November 30:
In mid-October Taipei released a Chinese spy sentenced to life in exchange for two Taiwanese military intelligence officers, Colonel Chu Kung-hsun and Colonel Hsu Chang-kuo, who were imprisoned in China for nine years. Taiwan gave advance parole to mainland spy Li Zhichao, according to an official statement from Taipei. "The [spy] swap is a natural fruit of the peaceful development of cross-strait relations over the past years," Zhang Tongxin of Renmin University told the South China Morning Post(SCMP). More than 100 Taiwanese spies are imprisoned in China, among whom Chu and Hsu were the highest-ranked. The most senior mainland spy in Taiwan, Major General Lo Hsien-chen, is serving a life sentence.
December 1:
China's four military headquarters – the General Staff, General Political, General Logistics and General Armaments departments – and seven key military commands will be dissolved and reorganized under a new military reform initiative. "The four general headquarters' excessive concentration of power has allowed it to become an independent leadership hierarchy overshadowing many of the functions of the Central Military Commission, affecting the commission's centralized and unified leadership over the army," the official PLA Daily reports.
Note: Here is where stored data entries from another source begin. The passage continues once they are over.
lemma ln_doubling_ratio_bound:
  fixes l L C r :: real
  assumes "l \<ge> 1" "l \<ge> 2 * L" "l \<ge> 4 * \<bar>C\<bar>" "L > 0"
    and r: "\<bar>r - (1 - L / (2 * l))\<bar> \<le> \<bar>C\<bar> / l"
  shows "\<bar>ln r + ln (1 + L / l) / 2\<bar> \<le> \<bar>r - (1 - L / (2 * l))\<bar> + (2 * L\<^sup>2 + 4 * C\<^sup>2) / l\<^sup>2"
proof -
  define u where "u = r - 1"
  define v where "v = L / l"
  have "l > 0" using assms by simp
  have "0 \<le> L / (2 * l)" using \<open>l > 0\<close> \<open>L > 0\<close> by simp
  then have u_le: "\<bar>u\<bar> \<le> L / (2 * l) + \<bar>C\<bar> / l"
    using r unfolding u_def by linarith
  moreover have "L / (2 * l) + \<bar>C\<bar> / l \<le> 1/2"
    using assms \<open>l > 0\<close> by (simp add: field_simps)
  ultimately have "\<bar>u\<bar> \<le> 1/2" by linarith
  have "\<bar>v\<bar> \<le> 1/2" using assms \<open>l > 0\<close> unfolding v_def by (simp add: field_simps)
  have "u\<^sup>2 \<le> (L / (2 * l) + \<bar>C\<bar> / l)\<^sup>2"
    using u_le by (metis abs_ge_zero power2_abs power_mono)
  also have "\<dots> \<le> 2 * ((L / (2 * l))\<^sup>2 + (\<bar>C\<bar> / l)\<^sup>2)"
    using sum_squares_bound[of "L / (2 * l)" "\<bar>C\<bar> / l"] by (simp add: power2_sum)
  also have "\<dots> = ((2 * L\<^sup>2 + 4 * C\<^sup>2) / l\<^sup>2 - v\<^sup>2) / 2"
    unfolding v_def by (simp add: field_simps add_divide_distrib)
  finally have "2 * u\<^sup>2 + v\<^sup>2 \<le> (2 * L\<^sup>2 + 4 * C\<^sup>2) / l\<^sup>2" by simp
  moreover have "\<bar>ln (1 + u) + ln (1 + v) / 2 - (u + v / 2)\<bar> \<le> 2 * u\<^sup>2 + v\<^sup>2"
    using abs_ln_one_plus_x_minus_x_bound[OF \<open>\<bar>u\<bar> \<le> 1/2\<close>]
      abs_ln_one_plus_x_minus_x_bound[OF \<open>\<bar>v\<bar> \<le> 1/2\<close>] by linarith
  moreover have "u + v / 2 = r - (1 - L / (2 * l))" unfolding u_def v_def by simp
  ultimately show ?thesis unfolding u_def v_def by simp
qed

definition ln_scaled :: "(nat \<Rightarrow> real) \<Rightarrow> nat \<Rightarrow> real" where
  "ln_scaled \<psi> n = ln (\<psi> n) + ln (ln (real n)) / 2"

lemma ln_scaled_diff:
  assumes pos: "\<And>n. \<psi> n > 0" and "2 \<le> n" "n \<le> k"
  shows "ln_scaled \<psi> k - ln_scaled \<psi> n = ln (\<psi> k / \<psi> n) + ln (ln (real k) / ln (real n)) / 2"
proof -
  have "ln (real n) > 0" "ln (real k) > 0" using assms(2,3) by auto
  then show ?thesis using pos[of n] pos[of k] by (simp add: ln_scaled_def ln_div field_simps)
qed

lemma exponent_le_one_if_doubling_asymptotics:
  fixes \<rho> :: "nat \<Rightarrow> real"
  assumes I: "\<forall>n\<ge>2. \<bar>\<rho> n - 1\<bar> \<le> C1 * ln (real n) powr (-c)"
    and II: "\<forall>n\<ge>2. \<bar>\<rho> n - (1 - ln 2 / (2 * ln (real n)))\<bar> \<le> C2 * ln (real n) powr (-1 - \<epsilon>)"
    and "\<epsilon> > 0"
  shows "c \<le> 1"
proof (rule ccontr)
  assume "\<not> c \<le> 1"
  define f where "f n = C1 * ln (real n) powr (1 - c) + C2 * ln (real n) powr (-\<epsilon>)" for n
  have "f \<longlonglongrightarrow> C1 * 0 + C2 * 0"
    unfolding f_def using \<open>\<not> c \<le> 1\<close> \<open>\<epsilon> > 0\<close>
    by (intro tendsto_intros tendsto_neg_powr filterlim_ln_real_sequentially) auto
  then have "eventually (\<lambda>n. f n < ln 2 / 2) sequentially"
    by (intro order_tendstoD) auto
  moreover have "eventually (\<lambda>n. ln 2 / 2 \<le> f n) sequentially"
    using eventually_ge_at_top[of 2]
  proof eventually_elim
    case (elim n)
    define l where "l = ln (real n)"
    have "l > 0" using elim unfolding l_def by simp
    have "ln 2 / (2 * l) \<le> C1 * l powr (-c) + C2 * l powr (-1 - \<epsilon>)"
      using I II elim unfolding l_def by fastforce
    then have "l * (ln 2 / (2 * l)) \<le> l * (C1 * l powr (-c) + C2 * l powr (-1 - \<epsilon>))"
      using \<open>l > 0\<close> by (intro mult_left_mono) auto
    then show ?case
      using \<open>l > 0\<close> powr_mult_base[of l "-c"] powr_mult_base[of l "-1 - \<epsilon>"]
      unfolding f_def l_def[symmetric] by (simp add: algebra_simps)
  qed
  ultimately have "eventually (\<lambda>n. False) sequentially"
    by eventually_elim simp
  then show False by simp
qed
The overhaul, the PLA's largest-ever, aims to transform it into a U.S.-style joint command with the army, navy and air force equally represented. The changes are expected to reinforce President Xi Jinping's control over the military.
December 2:
Police in Jiangmen, Guangdong have arrested 22 suspects after exposing a massive human- smuggling operation, the official Guangzhou Daily reports. Authorities have frozen bank accounts containing 11 million yuan, and confiscated than 35,000 forged visas and 270 counterfeit official seals. Before the bust, which was the largest in over a decade, the Guangdong and Fujian-based "snakeheads" had made 220 million yuan trafficking 3,200 people, mostly young men, out of China to the Americas. The kingpin identified as Li specialized in forging documents, and ran a travel agency in Shenzhen as a front. In February 2014, border control officials in Shenzhen found evidence that led to the detention of one syndicate member, and 12 migrants with counterfeit visas headed for South America. In July 2014, police launched coordinated raids in 25 different locations, including Shenzhen, Guangzhou, Jiangmen and Beijing that led to the arrest of 198 suspects and the seizure of 35 vehicles.
[Editor's Note: In 2013, Spanish and French police broke up a human smuggling ring that charged each Chinese migrant up to 50,000 Euros to reach Europe and the U.S. That two-year investigation led to the arrest of 75 suspects - 51 in Spain and the rest in France, SCMP reports.]
December 4:
In the three years since Xi Jinping began his anti-corruption campaign, 104,900 violations have been reported and over 138,800 officials were disciplined. In 2013, there were 24,521 violations involving 30,420 officials, and in 2014 there were 53,085 violations while 71,748 officials were disciplined. From January to November 2015, there were 27,328 cases reported and 36,699 officials were punished. Cases involving unauthorized spending of public funds on dining and foreign travel rose 278 percent and 221 percent, respectively. "China called an end to pointless inspection tours, visits, meetings, circulars and media reports concerning high-ranking officials and asked officials to shun extravagance, saying there should be ‘no welcome banner, no red carpet, no floral arrangement or grand receptions' and ‘fewer traffic controls arranged' for officials' visits," the official China Daily reports. Last year, the central government spent 5.88 billion yuan ($910 million) on overseas trips, vehicles and receptions – 1.27 billion yuan ($200 million) under budget.
December 8:
According to an official climate change report released last month, Himalayan glacier retreat means that "in the future, disputes between China and neighboring countries on regional environmental resources will keep growing." More than 80 percent of the permafrost on the Tibet-Qinghai Plateau could disappear by the next century, jeopardizing wildlife habits, people's livelihoods and the integrity of infrastructure like the railway to Lhasa. Glaciers on Mount Everest, which straddles the Tibet-Nepal border, have shrunk nearly 30 percent in the last 40 years. Across China, glaciers have decreased more than 10 percent since the 1960s. Temperatures are predicted to rise 1.3 to 5 degrees Celsius by century's end, with consequences including rising sea levels along the coast, storms and floods across China, and more glacial erosion. From 2008 to 2010, 62 percent of Chinese cities experienced floods and 173 had three or more, the New York Times reports.